lemma padic_abs_poly_scaled:
  assumes p: "prime p" and bx: "padic_abs p (of_int b * x) \<le> 1"
  shows "padic_abs p (of_int b) ^ degree f * padic_abs p (poly (map_poly of_int f) x) \<le> 1"
    and "padic_abs p (of_int b * y) \<le> 1 \<Longrightarrow>
         padic_abs p (of_int b) ^ degree f *
           padic_abs p (poly (map_poly of_int f) x - poly (map_poly of_int f) y)
         \<le> padic_abs p (x - y)"
proof -
  obtain G where "smult (b ^ degree f) f = G \<circ>\<^sub>p [:0, b:]"
    using smult_power_degree_eq_pcompose by blast
  note G = poly_of_int_pcompose_scale[OF this, where 'a = rat]
  show "padic_abs p (of_int b) ^ degree f * padic_abs p (poly (map_poly of_int f) x) \<le> 1"
    using padic_abs_poly_le_1[OF p bx, of G]
    by (simp add: padic_abs_mult[OF p, symmetric] padic_abs_power[OF p, symmetric] G)
  show "padic_abs p (of_int b) ^ degree f *
          padic_abs p (poly (map_poly of_int f) x - poly (map_poly of_int f) y)
        \<le> padic_abs p (x - y)" if hy: "padic_abs p (of_int b * y) \<le> 1"
  proof -
    have "padic_abs p (of_int b) ^ degree f *
            padic_abs p (poly (map_poly of_int f) x - poly (map_poly of_int f) y)
          = padic_abs p (poly (map_poly of_int G) (of_int b * x) - poly (map_poly of_int G) (of_int b * y))"
      by (simp add: padic_abs_mult[OF p, symmetric] padic_abs_power[OF p, symmetric] right_diff_distrib G)
    also have "\<dots> \<le> padic_abs p (of_int b * x - of_int b * y)"
      by (rule padic_abs_poly_diff_le[OF p bx hy])
    also have "\<dots> \<le> padic_abs p (x - y)"
      using padic_abs_of_int_le_1[OF p, of b] padic_abs_nonneg[of p]
      by (simp add: right_diff_distrib[symmetric] padic_abs_mult[OF p] mult_left_le_one_le)
    finally show ?thesis .
  qed
qed

section \<open>p-adic numbers as Cauchy sequences of rationals\<close>

lemma padic_cauchy_diff_const: "padic_cauchy p x \<Longrightarrow> padic_cauchy p (\<lambda>j. x j - c)"
  unfolding padic_cauchy_def by simp

lemma padic_norm_tendsto:
  assumes p: "prime p" and x: "padic_cauchy p x"
  shows "(\<lambda>j. padic_abs p (x j)) \<longlonglongrightarrow> padic_norm p x"
proof -
  have "Cauchy (\<lambda>j. padic_abs p (x j))"
  proof (rule metric_CauchyI)
    fix e :: real assume "e > 0"
    then obtain N where "\<forall>j\<ge>N. \<forall>k\<ge>N. padic_abs p (x j - x k) < e"
      using x unfolding padic_cauchy_def by blast
    thus "\<exists>N. \<forall>j\<ge>N. \<forall>k\<ge>N. dist (padic_abs p (x j)) (padic_abs p (x k)) < e"
      using abs_padic_abs_diff_le[OF p] by (metis dist_real_def order.strict_trans1)
  qed
  hence "convergent (\<lambda>j. padic_abs p (x j))" by (rule Cauchy_convergent)
  thus ?thesis unfolding padic_norm_def by (simp add: convergent_LIMSEQ_iff)
qed

lemma padic_norm_nonneg: "prime p \<Longrightarrow> padic_cauchy p x \<Longrightarrow> padic_norm p x \<ge> 0"
  by (rule tendsto_lowerbound[OF padic_norm_tendsto]) (simp_all add: padic_abs_nonneg)

lemma padic_norm_eqI:
  assumes "eventually (\<lambda>j. padic_abs p (x j) = c) sequentially"
  shows "padic_norm p x = c"
  unfolding padic_norm_def by (rule limI, rule tendsto_eventually) (use assms in simp)

lemma padic_norm_le:
  assumes "prime p" "padic_cauchy p x" "eventually (\<lambda>j. padic_abs p (x j) \<le> c) sequentially"
  shows "padic_norm p x \<le> c"
  by (rule tendsto_upperbound[OF padic_norm_tendsto[OF assms(1,2)] assms(3)]) simp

What the exercise asks - Would you copy exactly the lines from the one that contains "fix e :: real" through the final line of the records above, including both?

Task response -
    fix e :: real assume "e > 0"
    then obtain N where "\<forall>j\<ge>N. \<forall>k\<ge>N. padic_abs p (x j - x k) < e"
      using x unfolding padic_cauchy_def by blast
    thus "\<exists>N. \<forall>j\<ge>N. \<forall>k\<ge>N. dist (padic_abs p (x j)) (padic_abs p (x k)) < e"
      using abs_padic_abs_diff_le[OF p] by (metis dist_real_def order.strict_trans1)
  qed
  hence "convergent (\<lambda>j. padic_abs p (x j))" by (rule Cauchy_convergent)
  thus ?thesis unfolding padic_norm_def by (simp add: convergent_LIMSEQ_iff)
qed

lemma padic_norm_nonneg: "prime p \<Longrightarrow> padic_cauchy p x \<Longrightarrow> padic_norm p x \<ge> 0"
  by (rule tendsto_lowerbound[OF padic_norm_tendsto]) (simp_all add: padic_abs_nonneg)

lemma padic_norm_eqI:
  assumes "eventually (\<lambda>j. padic_abs p (x j) = c) sequentially"
  shows "padic_norm p x = c"
  unfolding padic_norm_def by (rule limI, rule tendsto_eventually) (use assms in simp)

lemma padic_norm_le:
  assumes "prime p" "padic_cauchy p x" "eventually (\<lambda>j. padic_abs p (x j) \<le> c) sequentially"
  shows "padic_norm p x \<le> c"
  by (rule tendsto_upperbound[OF padic_norm_tendsto[OF assms(1,2)] assms(3)]) simp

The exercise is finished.